LAWS(MAD)-2009-6-15

NEW INDIA ASSURANCE CO LTD Vs. V BOMMI

Decided On June 12, 2009
NEW INDIA ASSURANCE CO. LTD Appellant
V/S
V. BOMMI Respondents

JUDGEMENT

(1.) ON 18/3/1997, one Vijaya Baskaran (the deceased) was proceeding on his motor cycle, when near the Kathipara Junction, the insured lorry bearing No. TN 21-U 1305 hit him and caused fatal injuries. According to claimants, the legal representatives of the above Vijaya Baskaran, it was rash and negligent driving of the lorry driver which caused the accident. They claimed Rs. 1,00,00,000 as compensation since according to them, the deceased was the proprietor of Saran Engineers and Builders and was earning between Rs. 25,000 and Rs. 35,000 per month. The owner of the lorry, who was the respondent No. 1 in the claim petition and who is respondent No. 5 herein, remained ex parte initially and then sought to set aside the ex parte order and contested the claim. According to the owner, the deceased was under the influence of alcohol and fell down in his attempt to overtake the vehicle that was going in front of him.

(2.) THE appellant insurance company, which was the respondent No. 2 in the claim petition, disclaimed its liability on the ground that there was no subsisting insurance policy in respect of the lorry on the date of the accident. THE vehicle was covered by the policy for the period from 26/8/1996 to 25/8/1997. THE owner of the vehicle had issued a cheque on 23.8.1996 for Rs. 12,190. THE cheque was returned for want of funds. On 5/9/1996, the appellant received the cheque from the bank and intimated the fact of dishonour to the owner of the vehicle on 18/9/1996. THE intimation was sent by R.P.A.D. THEre was no response from the owner and the policy was cancelled. THErefore, on the date of the accident, viz., 18/3/1997, there was no policy. On 19/3/1997, the owner approached the insurance company and took a fresh policy. THE appellant examined the bank officer, RW 5, to support their case. THE Claims Tribunal gave an award for a sum of Rs. 25,00,000. Aggrieved by that, the present appeal has been filed.

(3.) THE decisions relied upon are discussed hereunder: In New India Assurance Co. Ltd. v. Rula, 2000 ACJ 630 (SC), the Supreme Court held that a contract of insurance like any other contract is concluded by the offer and acceptance and liability would arise only on payment of premium. In that case, the cheque was issued on 8.11.1991 towards premium, it was dishonoured and the insurance policy was cancelled. In that case, the accident took place on 8.11.1991. THE Apex Court held that the subsequent cancellation of the insurance policy on the ground of dishonour would not affect the rights of a third party which had accrued on the date when the policy was issued.
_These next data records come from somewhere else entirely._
(* Let $R$ be a commutative ring with identity and $q(R)$ its classical ring of quotients. Then (1) $R$ is roughly reduced if and only if $q(R)$ is roughly reduced; (2) $R$ is roughly complemented if and only if $q(R)$ is roughly complemented.
   Context: For a ring $A$: $\mathfrak{N}(A)$ is the nilradical, $\mathrm{reg}(A)$ the regular elements, $q(A)$ the localization at $\mathrm{reg}(A)$, $\mathrm{areg}(A)=\{x: x+\mathfrak{N}(A)\in\mathrm{reg}(A/\mathfrak{N}(A))\}$, and $\eta(A)=\bigcup_{s\in\mathrm{areg}(A)}\mathrm{Ann}(s)$. $A$ is roughly reduced if $\eta(A)=\mathfrak{N}(A)$. $A$ is roughly complemented if for every $a\in A$ there is $b$ with $ab=0$ and $a+b\in\mathrm{areg}(A)$. *)

theory Defs
  imports "HOL-Algebra.QuotRing"
begin

definition nilrad :: "('a, 'b) ring_scheme \<Rightarrow> 'a set" where
  "nilrad R = {x \<in> carrier R. \<exists>n::nat. x [^]\<^bsub>R\<^esub> n = \<zero>\<^bsub>R\<^esub>}"

definition reg :: "('a, 'b) ring_scheme \<Rightarrow> 'a set" where
  "reg R = {x \<in> carrier R. \<forall>y \<in> carrier R. x \<otimes>\<^bsub>R\<^esub> y = \<zero>\<^bsub>R\<^esub> \<longrightarrow> y = \<zero>\<^bsub>R\<^esub>}"

definition areg :: "('a, 'b) ring_scheme \<Rightarrow> 'a set" where
  "areg R = {x \<in> carrier R. (nilrad R +>\<^bsub>R\<^esub> x) \<in> reg (R Quot (nilrad R))}"

definition ann :: "('a, 'b) ring_scheme \<Rightarrow> 'a \<Rightarrow> 'a set" where
  "ann R s = {y \<in> carrier R. s \<otimes>\<^bsub>R\<^esub> y = \<zero>\<^bsub>R\<^esub>}"

definition eta :: "('a, 'b) ring_scheme \<Rightarrow> 'a set" where
  "eta R = (\<Union>s \<in> areg R. ann R s)"

definition roughly_reduced :: "('a, 'b) ring_scheme \<Rightarrow> bool" where
  "roughly_reduced R \<longleftrightarrow> eta R = nilrad R"

definition roughly_complemented :: "('a, 'b) ring_scheme \<Rightarrow> bool" where
  "roughly_complemented R \<longleftrightarrow>
     (\<forall>a \<in> carrier R. \<exists>b \<in> carrier R. a \<otimes>\<^bsub>R\<^esub> b = \<zero>\<^bsub>R\<^esub> \<and> a \<oplus>\<^bsub>R\<^esub> b \<in> areg R)"

text \<open>The classical ring of quotients q(R) = localization of R at reg(R):
  fractions a/s with s regular, a/s = b/t iff u(at - bs) = 0 for some regular u.\<close>

definition frac_rel :: "('a, 'b) ring_scheme \<Rightarrow> (('a \<times> 'a) \<times> ('a \<times> 'a)) set" where
  "frac_rel R = {((a, s), (b, t)). a \<in> carrier R \<and> s \<in> reg R \<and> b \<in> carrier R \<and> t \<in> reg R \<and>
      (\<exists>u \<in> reg R. u \<otimes>\<^bsub>R\<^esub> (a \<otimes>\<^bsub>R\<^esub> t \<ominus>\<^bsub>R\<^esub> b \<otimes>\<^bsub>R\<^esub> s) = \<zero>\<^bsub>R\<^esub>)}"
THE subsequent cancellation of insurance policy will not affect the rights already accrued in favour of the respondent No. 3. Learned counsel relied on this decision to draw the inference that this would clearly show that if on the date of the accident the policy had already been cancelled, then the insurer can rightly defend the claim made against him.